## [Data in this exercise]

>>>>>

definition W52 :: "'d::finite coeffs \<Rightarrow> 'd coeffs \<Rightarrow> 'd coeffs" where
  "W52 u v = (\<lambda>k. - W51 v u k)"

definition Z6 :: "real \<Rightarrow> 'd::finite coeffs \<Rightarrow> complex" where
  "Z6 s u = (let v = conjc u in
     pairing (Lam s (W51 u v)) (Lam s v) + pairing (Lam s u) (Lam s (W52 u v)))"

definition Z6_rhs :: "real \<Rightarrow> 'd::finite coeffs \<Rightarrow> complex" where
  "Z6_rhs s u = (let v = conjc u in
     3 * \<i> / 32 * (\<Sum>\<^sub>\<infinity>(j,l,k)\<in>{(j,l,k). j \<noteq> 0 \<and> l \<noteq> 0 \<and> k \<noteq> 0 \<and> fnorm k = fnorm j + fnorm l}.
       (u j * u (-j) * u l * u (-l) * v k * v (-k) - v j * v (-j) * v l * v (-l) * u k * u (-k)) *
       complex_of_real (fnorm j * fnorm l * fnorm k *
         (fnorm k powr (2 * s) - fnorm j powr (2 * s) - fnorm l powr (2 * s)))))"

end

theory Submission
  imports Defs
begin

(* As u is a trigonometric polynomial, every sum involved is a finite sum over a finite set F
   of nonzero frequencies with -F = F, and
     Z6(u) = sum_k |k|^(2s) ((W5)_1(u,v)_k v_(-k) - u_k (W5)_1(v,u)_(-k)).
   Of the four sums making up (W5)_1, the first and the third drop out: their contributions to
   the two halves of Z6 are carried into each other by relabelling the summation indices
   (j <-> l for the first; j <-> k together with l -> -l for the third). The second and the
   fourth both become sums of one kernel G(j,l,k), supported on |k| = |j| + |l|, weighted by
   |k|^(2s) and (after renaming j <-> k) by -|j|^(2s) respectively. Since G is symmetric in j
   and l, twice the latter sum is the sum weighted by -|j|^(2s) - |l|^(2s). *)

lemma fnorm_uminus [simp]: "fnorm (- j) = fnorm j"
  by (simp add: fnorm_def)

lemma fnorm_nonneg [simp]: "fnorm j \<ge> 0"
  by (simp add: fnorm_def sum_nonneg)

lemma infsum_eq_sum_superset:
  fixes f :: "'a \<Rightarrow> 'b::{comm_monoid_add, t2_space}"
  assumes "finite F" and "\<And>x. x \<in> A \<Longrightarrow> x \<notin> F \<Longrightarrow> f x = 0"
  shows "infsum f A = (\<Sum>x\<in>F. if x \<in> A then f x else 0)"
proof -
  have "infsum f A = infsum f (F \<inter> A)"
    by (rule infsum_cong_neutral) (use assms(2) in auto)
  also have "\<dots> = (\<Sum>x\<in>F. if x \<in> A then f x else 0)"
    using assms(1) by (simp add: sum.inter_restrict)
  finally show ?thesis .
qed

lemma infsum_nonzero_pairs_eq_sum:
  fixes f :: "'a::zero \<Rightarrow> 'a \<Rightarrow> 'b::{comm_monoid_add, t2_space}"
  assumes "finite F" and "0 \<notin> F" and "\<And>j l. j \<notin> F \<or> l \<notin> F \<Longrightarrow> f j l = 0"
  shows "(\<Sum>\<^sub>\<infinity>(j,l)\<in>{(j,l). j \<noteq> 0 \<and> l \<noteq> 0 \<and> P j l}. f j l)
       = (\<Sum>j\<in>F. \<Sum>l\<in>F. if P j l then f j l else 0)"
  using assms
  by (subst infsum_eq_sum_superset[of "F \<times> F"])
     (auto simp: sum.cartesian_product intro!: sum.cong)

lemma infsum_nonzero_triples_eq_sum:
  fixes f :: "'a::zero \<Rightarrow> 'a \<Rightarrow> 'a \<Rightarrow> 'b::{comm_monoid_add, t2_space}"
  assumes "finite F" and "0 \<notin> F" and "\<And>j l k. j \<notin> F \<or> l \<notin> F \<or> k \<notin> F \<Longrightarrow> f j l k = 0"
  shows "(\<Sum>\<^sub>\<infinity>(j,l,k)\<in>{(j,l,k). j \<noteq> 0 \<and> l \<noteq> 0 \<and> k \<noteq> 0 \<and> P j l k}. f j l k)
       = (\<Sum>j\<in>F. \<Sum>l\<in>F. \<Sum>k\<in>F. if P j l k then f j l k else 0)"
  using assms
  by (subst infsum_eq_sum_superset[of "F \<times> F \<times> F"])
     (auto simp: sum.cartesian_product intro!: sum.cong)

lemma sum_reflect:
  fixes f :: "'a::group_add \<Rightarrow> 'b::comm_monoid_add"
  assumes "uminus ` F \<subseteq> F"
  shows "(\<Sum>j\<in>F. f (- j)) = (\<Sum>j\<in>F. f j)"
  by (rule sum.reindex_bij_witness[of _ uminus uminus]) (use assms in auto)

lemma sum_swap_inner:
  "(\<Sum>i\<in>A. \<Sum>j\<in>B. \<Sum>k\<in>C. f i j k) = (\<Sum>i\<in>A. \<Sum>k\<in>C. \<Sum>j\<in>B. f i j k)"
  by (rule sum.cong[OF refl], rule sum.swap)

definition W51_part1 ::
    "(int ^ 'd::finite) set \<Rightarrow> 'd coeffs \<Rightarrow> 'd coeffs \<Rightarrow> int ^ 'd \<Rightarrow> complex" where
  "W51_part1 F a b k = (\<Sum>j\<in>F. \<Sum>l\<in>F. if fnorm j = fnorm l then
     a j * a (-j) * b l * b (-l) * a k *
     complex_of_real ((fnorm j)^2 * (fnorm l)^2 * (1 / (fnorm j + fnorm k) - dquot (fnorm l) (fnorm k)))
   else 0)"

definition W51_part2 ::
    "(int ^ 'd::finite) set \<Rightarrow> 'd coeffs \<Rightarrow> 'd coeffs \<Rightarrow> int ^ 'd \<Rightarrow> complex" where
  "W51_part2 F a b k = (\<Sum>j\<in>F. \<Sum>l\<in>F. if fnorm k = fnorm j + fnorm l then
     a j * a (-j) * a l * a (-l) * b k * complex_of_real (fnorm j * fnorm l * fnorm k)
   else 0)"

definition W51_part3 ::
    "(int ^ 'd::finite) set \<Rightarrow> 'd coeffs \<Rightarrow> 'd coeffs \<Rightarrow> int ^ 'd \<Rightarrow> complex" where
  "W51_part3 F a b k = (\<Sum>j\<in>F. \<Sum>l\<in>F. if fnorm j = fnorm k then
     a j * a (-j) * a l * b (-l) * b k *
     complex_of_real ((fnorm j)^2 * fnorm l *
       (6 + fnorm l / (fnorm l + fnorm j) + fnorm l * dquot (fnorm l) (fnorm j)))
   else 0)"

definition W51_part4 ::
    "(int ^ 'd::finite) set \<Rightarrow> 'd coeffs \<Rightarrow> 'd coeffs \<Rightarrow> int ^ 'd \<Rightarrow> complex" where
  "W51_part4 F a b k = (\<Sum>j\<in>F. \<Sum>l\<in>F. if fnorm k = fnorm j - fnorm l then
     a j * a (-j) * b l * b (-l) * b k * complex_of_real (fnorm j * fnorm l * fnorm k)
   else 0)"

definition Z6_form :: "real \<Rightarrow> (int ^ 'd::finite) set \<Rightarrow> ('d coeffs \<Rightarrow> 'd coeffs \<Rightarrow> 'd coeffs)
    \<Rightarrow> 'd coeffs \<Rightarrow> 'd coeffs \<Rightarrow> complex" where
  "Z6_form s F T a b =
     (\<Sum>k\<in>F. complex_of_real (fnorm k powr (2 * s)) * (T a b k * b (- k) - a k * T b a (- k)))"

definition Z6_kernel ::
    "'d::finite coeffs \<Rightarrow> 'd coeffs \<Rightarrow> int ^ 'd \<Rightarrow> int ^ 'd \<Rightarrow> int ^ 'd \<Rightarrow> complex" where
  "Z6_kernel a b j l k = (if fnorm k = fnorm j + fnorm l then
     (a j * a (-j) * a l * a (-l) * b k * b (-k) - b j * b (-j) * b l * b (-l) * a k * a (-k)) *
     complex_of_real (fnorm j * fnorm l * fnorm k)
   else 0)"

lemma Z6_kernel_swap: "Z6_kernel a b l j k = Z6_kernel a b j l k"
  unfolding Z6_kernel_def by (simp add: ac_simps)

lemma sum_Z6_kernel_weight_swap:
  "(\<Sum>j\<in>F. \<Sum>l\<in>F. \<Sum>k\<in>F. w j * Z6_kernel a b j l k)
 = (\<Sum>j\<in>F. \<Sum>l\<in>F. \<Sum>k\<in>F. w l * Z6_kernel a b j l k)"
  by (subst sum.swap) (simp add: Z6_kernel_swap)

lemma W51_part1_exchange: "W51_part1 F a b k * b (- k) = a k * W51_part1 F b a (- k)"
proof -
  have "a k * W51_part1 F b a (- k) = (\<Sum>l\<in>F. \<Sum>j\<in>F. if fnorm l = fnorm j then
     b l * b (-l) * a j * a (-j) * b (-k) * a k *
     complex_of_real ((fnorm l)^2 * (fnorm j)^2 * (1 / (fnorm l + fnorm k) - dquot (fnorm j) (fnorm k)))
     else 0)"
    unfolding W51_part1_def sum_distrib_left by (auto simp: ac_simps intro!: sum.cong)
  also have "\<dots> = W51_part1 F a b k * b (- k)"
    unfolding W51_part1_def sum_distrib_right
    by (subst sum.swap) (auto simp: ac_simps intro!: sum.cong)
  finally show ?thesis ..
qed
lemma extinction_potential_step:
  assumes n: "2 \<le> n" and \<pi>: "0 \<le> \<pi>" "\<pi> \<le> 1" and p: "0 \<le> p" "p \<le> 1"
    and q: "0 \<le> q" "q \<le> 1" and rate: "1 - p + p * (q * (1 - \<pi> * (1 - q))) \<le> q"
    and invar: "frog_invar n s"
  shows "(\<integral>\<^sup>+s'. extinction_potential n \<pi> q e s' \<partial>frog_step p n e s) \<le> extinction_potential n \<pi> q e s"
proof -
  define \<rho> where "\<rho> = q * (1 - \<pi> * (1 - q))"
  define G where "G M = (if \<pi> * (real n - 1) < real (card (occupied e (unvisited n (snd s) - set_mset M)))
      then q ^ next_active_count e (snd s) M else 0)" for M
  have "\<pi> * (1 - q) \<le> 1 * 1"
    using \<pi> q by (intro mult_mono) auto
  then have \<rho>: "0 \<le> \<rho>" using q by (simp add: \<rho>_def)
  have "(\<integral>\<^sup>+s'. extinction_potential n \<pi> q e s' \<partial>frog_step p n e s)
      \<le> ennreal ((1 - p + p * \<rho>) ^ size (fst s) * G {#})"
  proof (rule nn_integral_frog_step_le[OF n p \<rho> invar])
    show "0 \<le> G M" for M using q by (simp add: G_def)
  next
    fix M
    show "extinction_potential n \<pi> q e (M + (\<Sum>v\<in>set_mset M - snd s. replicate_mset (e v) v),
        snd s \<union> set_mset M) \<le> G M"
      by (simp add: extinction_potential_def G_def unvisited_Un size_sum_replicate_mset
          next_active_count_def)
  next
    fix x M assume "x \<in> snd s" "x < n"
    then show "(\<Sum>y\<in>{0..<n}-{x}. G (add_mset y M)) \<le> \<rho> * (real n - 1) * G M"
      unfolding G_def \<rho>_def by (rule extinction_landing_le[OF n _ _ q])
  qed
  also have "\<dots> \<le> ennreal (q ^ size (fst s) * G {#})"
    using rate p \<rho> q by (intro ennreal_leI mult_right_mono power_mono) (auto simp: \<rho>_def G_def)
  also have "q ^ size (fst s) * G {#} = extinction_potential n \<pi> q e s"
    by (simp add: G_def extinction_potential_def next_active_count_def)
  finally show ?thesis .
qed

lemma extinction_potential_start_le: "0 \<le> q \<Longrightarrow> q \<le> 1 \<Longrightarrow> extinction_potential n \<pi> q e (frog_start e) \<le> q"
  by (simp add: extinction_potential_def frog_start_def mult_left_le power_le_one)

lemma extinction_rate_supersolution:
  fixes p \<pi> :: real
  assumes "0 < p" "p \<le> 1" "0 < \<pi>"
  defines "q \<equiv> min 1 ((1 - p) / (p * \<pi>))"
  shows "0 \<le> q" "q \<le> 1" "1 - p + p * (q * (1 - \<pi> * (1 - q))) \<le> q"
proof -
  show "0 \<le> q" "q \<le> 1" using assms by (simp_all add: q_def)
  show "1 - p + p * (q * (1 - \<pi> * (1 - q))) \<le> q"
  proof (cases "1 \<le> (1 - p) / (p * \<pi>)")
    case False
    then have fixed_point: "p * q * \<pi> = 1 - p" using assms by (simp add: q_def)
    have "p * (q * (1 - \<pi> * (1 - q))) = p * q - p * q * \<pi> + p * q * \<pi> * q"
      by (simp add: algebra_simps)
    then show ?thesis unfolding fixed_point by (simp add: algebra_simps)
  qed (simp add: q_def)
qed

section \<open>Density of occupied vertices among the unvisited ones\<close>

definition density_potential :: "nat \<Rightarrow> real \<Rightarrow> (nat \<Rightarrow> nat) \<Rightarrow> nat set \<Rightarrow> real" where
  "density_potential K m e U =
    (if K < card U
     then (real (card (occupied e U)) / real (card U) - m)\<^sup>2 + 1 / (real K - 1) - 1 / (real (card U) - 1)
     else 0)"

lemma density_potential_nonneg:
  assumes "2 \<le> K"
  shows "0 \<le> density_potential K m e U"
proof -
  have "K < card U \<Longrightarrow> 1 / (real (card U) - 1) \<le> 1 / (real K - 1)"
    using assms by (intro divide_left_mono) auto
  then show ?thesis
    by (simp add: density_potential_def add_increasing)
qed

text \<open>The fraction \<open>a / c\<close> is a martingale when a uniformly chosen element is removed, and its
  conditional variance \<open>a (c - a) / (c (c - 1)\<^sup>2)\<close> is at most \<open>1 / (c - 2) - 1 / (c - 1)\<close>.\<close>
lemma remove_uniform_sq_dev_le:
  fixes a c m K :: real
  assumes "0 \<le> a" "a \<le> c" "3 \<le> c"
  shows "a * ((a - 1) / (c - 1) - m)\<^sup>2 + (c - a) * (a / (c - 1) - m)\<^sup>2 + c * (1 / (K - 1) - 1 / (c - 2))
    \<le> c * ((a / c - m)\<^sup>2 + 1 / (K - 1) - 1 / (c - 1))"
proof -
  have c: "c - 1 \<noteq> 0" "c \<noteq> 0" "c - 2 \<noteq> 0" using assms by auto
  have variance: "a * ((a - 1) / (c - 1) - m)\<^sup>2 + (c - a) * (a / (c - 1) - m)\<^sup>2
      = c * (a / c - m)\<^sup>2 + a * (c - a) / (c * (c - 1)\<^sup>2)"
    using c by (simp add: field_simps) (simp add: algebra_simps power2_eq_square power4_eq_xxxx)
  have "a * (c - a) \<le> c\<^sup>2 / 4"
    using zero_le_power2[of "c - 2 * a"] unfolding power2_eq_square by (simp add: algebra_simps)
  then have "a * (c - a) / (c * (c - 1)\<^sup>2) \<le> (c\<^sup>2 / 4) / (c * (c - 1)\<^sup>2)"
    using assms by (intro divide_right_mono) auto
  also have "\<dots> = c / (4 * (c - 1)\<^sup>2)"
    using c by (simp add: field_simps power2_eq_square[of c])
  also have "\<dots> \<le> c / ((c - 1) * (c - 2))"
  proof (rule divide_left_mono)
    have "(c - 1) * (c - 2) \<le> (c - 1) * (4 * (c - 1))"
      by (rule mult_left_mono) (use assms in auto)
    then show "(c - 1) * (c - 2) \<le> 4 * (c - 1)\<^sup>2" by (simp add: power2_eq_square mult_ac)
  qed (use assms in auto)
  also have "\<dots> = c * (1 / (c - 2) - 1 / (c - 1))"
    using c by (simp add: field_simps)
  finally show ?thesis unfolding variance by (simp add: algebra_simps)
qed

lemma density_potential_remove:
  assumes U: "finite U" "w \<in> U" and K: "K + 1 < card U"
  shows "density_potential K m e (U - {w}) =
    ((real (card (occupied e U)) - of_bool (w \<in> occupied e U)) / (real (card U) - 1) - m)\<^sup>2
      + (1 / (real K - 1) - 1 / (real (card U) - 2))"
proof -
  have "occupied e (U - {w}) = occupied e U - {w}"
    by (auto simp: occupied_def)
  moreover have "finite (occupied e U)"
    using U by (simp add: occupied_def)
  moreover have "w \<in> occupied e U \<Longrightarrow> 1 \<le> card (occupied e U)"
    by (auto simp: Suc_le_eq card_gt_0_iff \<open>finite (occupied e U)\<close>)
  moreover have "card (U - {w}) = card U - 1" "K < card U - 1"
    using U K by auto
  ultimately show ?thesis
    using U K by (simp add: density_potential_def of_nat_diff)
qed

lemma sum_density_potential_remove_le:
  assumes K: "2 \<le> K" and U: "finite U"
  shows "(\<Sum>w\<in>U. density_potential K m e (U - {w})) \<le> real (card U) * density_potential K m e U"
proof -
  define c where "c = card U"
  define a where "a = card (occupied e U)"
  define B where "B = 1 / (real K - 1) - 1 / (real c - 2)"
  have occ: "occupied e U \<subseteq> U" by (auto simp: occupied_def)
  have "a \<le> c" unfolding a_def c_def using U occ by (rule card_mono)
  consider "c \<le> K + 1" | "K + 1 < c" by linarith
  then show ?thesis
  proof cases
    case 1
    have "density_potential K m e (U - {w}) = 0" if "w \<in> U" for w
      using 1 U that by (simp add: density_potential_def c_def)
    then show ?thesis
      by (simp add: mult_nonneg_nonneg density_potential_nonneg[OF K])
  next
    case 2
    have "(\<Sum>w\<in>U. density_potential K m e (U - {w})) \<le>
        real a * (((real a - 1) / (real c - 1) - m)\<^sup>2 + B) + (real c - real a) * ((real a / (real c - 1) - m)\<^sup>2 + B)"
      unfolding a_def c_def B_def
      using density_potential_remove[OF U _ 2[unfolded c_def]] occ
      by (intro sum_le_split_bound[OF U occ]) (auto dest: subsetD[OF occ])
    also have "\<dots> \<le> real c * ((real a / real c - m)\<^sup>2 + 1 / (real K - 1) - 1 / (real c - 1))"
      using remove_uniform_sq_dev_le[of "real a" "real c" m "real K"] \<open>a \<le> c\<close> 2 K
      by (simp add: B_def algebra_simps diff_divide_distrib)
    also have "\<dots> = real (card U) * density_potential K m e U"
      using 2 by (simp add: density_potential_def a_def c_def)
    finally show ?thesis .
  qed
qed

lemma sum_density_potential_remove_superset_le:
  assumes K: "2 \<le> K" and S: "finite S" and U: "U \<subseteq> S"
  shows "(\<Sum>y\<in>S. density_potential K m e (U - {y})) \<le> real (card S) * density_potential K m e U"
proof -
  have "finite U" using S U finite_subset by blast
  have "(\<Sum>y\<in>S - U. density_potential K m e (U - {y})) = (\<Sum>y\<in>S - U. density_potential K m e U)"
    by (rule sum.cong) auto
  then have "(\<Sum>y\<in>S. density_potential K m e (U - {y})) =
      (\<Sum>y\<in>U. density_potential K m e (U - {y})) + (\<Sum>y\<in>S - U. density_potential K m e U)"
    using sum.subset_diff[OF U S, of "\<lambda>y. density_potential K m e (U - {y})"] by simp
  also have "\<dots> \<le> real (card U) * density_potential K m e U + real (card (S - U)) * density_potential K m e U"
    using sum_density_potential_remove_le[OF K \<open>finite U\<close>] by simp
  also have "\<dots> = real (card S) * density_potential K m e U"
    using card_Diff_subset[OF \<open>finite U\<close> U] card_mono[OF S U] by (simp add: of_nat_diff algebra_simps)
  finally show ?thesis .
qed
lemma latt_components [simp]: "fst (latt z) = of_int (fst z)" "snd (latt z) = of_int (snd z)"
  by (simp_all add: latt_def)

lemma ex1_nearest: "\<exists>!z. w - latt z \<in> Kdom \<alpha>"
proof
  let ?z = "(\<lceil>fst w - 1/2\<rceil>, \<lceil>snd w - (1 - \<alpha>)\<rceil>)"
  show "w - latt ?z \<in> Kdom \<alpha>"
    by (simp add: mem_Kdom) linarith
next
  fix z assume z: "w - latt z \<in> Kdom \<alpha>"
  show "z = (\<lceil>fst w - 1/2\<rceil>, \<lceil>snd w - (1 - \<alpha>)\<rceil>)"
  proof (cases z)
    case (Pair a b)
    with z have "fst w - 1/2 \<le> a" "a < fst w - 1/2 + 1"
      and "snd w - (1 - \<alpha>) \<le> b" "b < snd w - (1 - \<alpha>) + 1"
      by (auto simp: mem_Kdom)
    then show ?thesis using Pair by (auto intro!: ceiling_unique [symmetric])
  qed
qed

lemma nearest_in_Kdom: "w - latt (nearest \<alpha> w) \<in> Kdom \<alpha>"
  unfolding nearest_def by (rule theI' [OF ex1_nearest])

lemma nearest_eq: "w - latt z \<in> Kdom \<alpha> \<Longrightarrow> nearest \<alpha> w = z"
  unfolding nearest_def by (rule the1_equality [OF ex1_nearest])

lemma Tmap_eq: "x \<noteq> 0 \<Longrightarrow> iota x - latt z \<in> Kdom \<alpha> \<Longrightarrow> Tmap \<alpha> x = iota x - latt z"
  by (simp add: Tmap_def nearest_eq)

lemma Tmap_in_Kdom: "0 < \<alpha> \<Longrightarrow> \<alpha> \<le> 1 \<Longrightarrow> Tmap \<alpha> x \<in> Kdom \<alpha>"
  using nearest_in_Kdom [of "iota x" \<alpha>] by (auto simp: Tmap_def mem_Kdom)

lemma mem_cyl_Cons:
  "x \<in> cyl \<alpha> (a # s) \<longleftrightarrow> x \<in> Kdom \<alpha> \<and> x \<noteq> 0 \<and> iota x - latt a \<in> cyl \<alpha> s"
proof
  assume "x \<in> cyl \<alpha> (a # s)"
  then have "x \<in> Kdom \<alpha>" "x \<in> iota ` ((\<lambda>p. p + latt a) ` cyl \<alpha> s - {0})"
    by simp_all
  then obtain p where "x \<in> Kdom \<alpha>" "p \<in> cyl \<alpha> s" "p + latt a \<noteq> 0" "x = iota (p + latt a)"
    by blast
  then show "x \<in> Kdom \<alpha> \<and> x \<noteq> 0 \<and> iota x - latt a \<in> cyl \<alpha> s"
    by simp
next
  assume x: "x \<in> Kdom \<alpha> \<and> x \<noteq> 0 \<and> iota x - latt a \<in> cyl \<alpha> s"
  then have "x \<in> iota ` ((\<lambda>p. p + latt a) ` cyl \<alpha> s - {0})"
    by (intro rev_image_eqI [of "iota x"]) (auto intro: rev_image_eqI [of "iota x - latt a"])
  then show "x \<in> cyl \<alpha> (a # s)"
    using x by simp
qed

<<<<<

## [Aim of the exercise]
Take each line above that contains "variance" and copy it out.

## [Result]
  conditional variance \<open>a (c - a) / (c (c - 1)\<^sup>2)\<close> is at most \<open>1 / (c - 2) - 1 / (c - 1)\<close>.\<close>
  have variance: "a * ((a - 1) / (c - 1) - m)\<^sup>2 + (c - a) * (a / (c - 1) - m)\<^sup>2
  finally show ?thesis unfolding variance by (simp add: algebra_simps)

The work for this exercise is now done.